◆ WHAT TO WORK ON ◆
Go through the entries, filter for the word "within", and copy every line that has it.
=== THE DATA ===
lemma lossWN_scale_invariant:
  assumes "c > 0"
  shows "lossWN L A b r (c *\<^sub>R u) = lossWN L A b r u"
proof -
  have "r / norm (c *\<^sub>R u) * c = r / norm u"
    using assms by (cases "u = 0") auto
  then show ?thesis
    by (simp add: lossWN_def scaleR_scaleR del: norm_scaleR)
qed

lemma lossWN_gderiv_radius:
  assumes v: "norm v = 1" and L: "L > 0"
  shows "GDERIV (\<lambda>s. lossWN L A b s v) s :> inner v (loss_grad L A b (s *\<^sub>R v))"
proof -
  let ?g = "loss_grad L A b (s *\<^sub>R v)"
  have "((\<lambda>s. s *\<^sub>R v) has_derivative (\<lambda>k. k *\<^sub>R v)) (at s)"
    by (rule bounded_linear.has_derivative[OF bounded_linear_scaleR_left has_derivative_ident])
  from has_derivative_compose[OF this lossL_gderiv[OF L, unfolded gderiv_def]]
  have deriv: "((\<lambda>s. lossL L A b (s *\<^sub>R v)) has_derivative (\<lambda>k. inner (k *\<^sub>R v) ?g)) (at s)" .
  have loss_eq: "(\<lambda>s. lossWN L A b s v) = (\<lambda>s. lossL L A b (s *\<^sub>R v))"
    using v by (simp add: lossWN_def)
  have grad_eq: "(\<lambda>k. inner (k *\<^sub>R v) ?g) = (\<lambda>k. inner k (inner v ?g))"
    by (simp add: fun_eq_iff)
  show ?thesis
    unfolding gderiv_def loss_eq grad_eq[symmetric] by (rule deriv)
qed

lemma lossWN_gderiv_direction:
  assumes v: "norm v = 1" and L: "L > 0"
  shows "GDERIV (\<lambda>w. lossWN L A b s w) v :>
     s *\<^sub>R (loss_grad L A b (s *\<^sub>R v) - inner v (loss_grad L A b (s *\<^sub>R v)) *\<^sub>R v)"
proof -
  let ?g = "loss_grad L A b (s *\<^sub>R v)"
  have v0: "v \<noteq> 0" using v by auto
  have "(norm has_derivative (\<lambda>h. inner h v)) (at v)"
    using GDERIV_norm[OF v0] v by (simp add: gderiv_def sgn_div_norm)
  moreover have "((\<lambda>y. s / y) has_real_derivative - s) (at (norm v))"
    using v by (auto intro!: derivative_eq_intros)
  ultimately have "((\<lambda>w. s / norm w) has_derivative (\<lambda>h. - s * inner h v)) (at v)"
    unfolding has_field_derivative_def by (rule has_derivative_compose)
  from has_derivative_scaleR[OF this has_derivative_ident]
  have "((\<lambda>w. (s / norm w) *\<^sub>R w) has_derivative (\<lambda>h. s *\<^sub>R h + (- s * inner h v) *\<^sub>R v)) (at v)"
    using v by simp
  from has_derivative_compose[OF this lossL_gderiv[OF L, unfolded gderiv_def]]
  have deriv: "((\<lambda>w. lossL L A b ((s / norm w) *\<^sub>R w)) has_derivative
      (\<lambda>h. inner (s *\<^sub>R h + (- s * inner h v) *\<^sub>R v) ?g)) (at v)"
    using v by simp
  have grad_eq: "(\<lambda>h. inner (s *\<^sub>R h + (- s * inner h v) *\<^sub>R v) ?g)
      = (\<lambda>h. inner h (s *\<^sub>R (?g - inner v ?g *\<^sub>R v)))"
    by (auto simp: inner_add_left inner_diff_right inner_commute algebra_simps)
  show ?thesis
    unfolding gderiv_def lossWN_def grad_eq[symmetric] by (rule deriv)
qed

lemma wn_flow_norm_eq:
  assumes u_flow: "\<forall>t\<ge>0. \<exists>g. GDERIV (\<lambda>v. lossWN L A b (r t) v) (u t) :> g \<and>
                   (u has_vector_derivative (- g)) (at t within {0..})"
    and s: "s \<ge> 0"
  shows "norm (u s) = norm (u 0)"
proof -
  have deriv_0: "((\<lambda>s. inner (u s) (u s)) has_real_derivative 0) (at s within {0..})"
    if "s \<in> {0..}" for s
  proof -
    from u_flow that obtain g where g: "GDERIV (\<lambda>v. lossWN L A b (r s) v) (u s) :> g"
      and u': "(u has_derivative (\<lambda>h. h *\<^sub>R - g)) (at s within {0..})"
      by (auto simp: has_vector_derivative_def)
    have "inner (u s) g = 0"
      by (rule gderiv_inner_eq_0_of_scale_invariant[OF g]) (rule lossWN_scale_invariant)
    then have "(\<lambda>h. inner (u s) (h *\<^sub>R - g) + inner (h *\<^sub>R - g) (u s)) = (*) 0"
      by (auto simp: inner_commute)
    with has_derivative_inner[OF u' u'] show ?thesis
      by (simp add: has_field_derivative_def)
  qed
  have "\<exists>c. \<forall>s\<in>{0::real..}. inner (u s) (u s) = c"
    by (rule has_field_derivative_zero_constant) (auto intro: deriv_0)
  then obtain c where c: "\<forall>s\<in>{0::real..}. inner (u s) (u s) = c"
    by blast
  have "(norm (u s))\<^sup>2 = (norm (u 0))\<^sup>2"
    unfolding power2_norm_eq_inner using c s by simp
  then show ?thesis
    by (simp add: power2_eq_iff_nonneg)
qed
===
◆ ANSWER BELOW ◆
                   (u has_vector_derivative (- g)) (at t within {0..})"
  have deriv_0: "((\<lambda>s. inner (u s) (u s)) has_real_derivative 0) (at s within {0..})"
      and u': "(u has_derivative (\<lambda>h. h *\<^sub>R - g)) (at s within {0..})"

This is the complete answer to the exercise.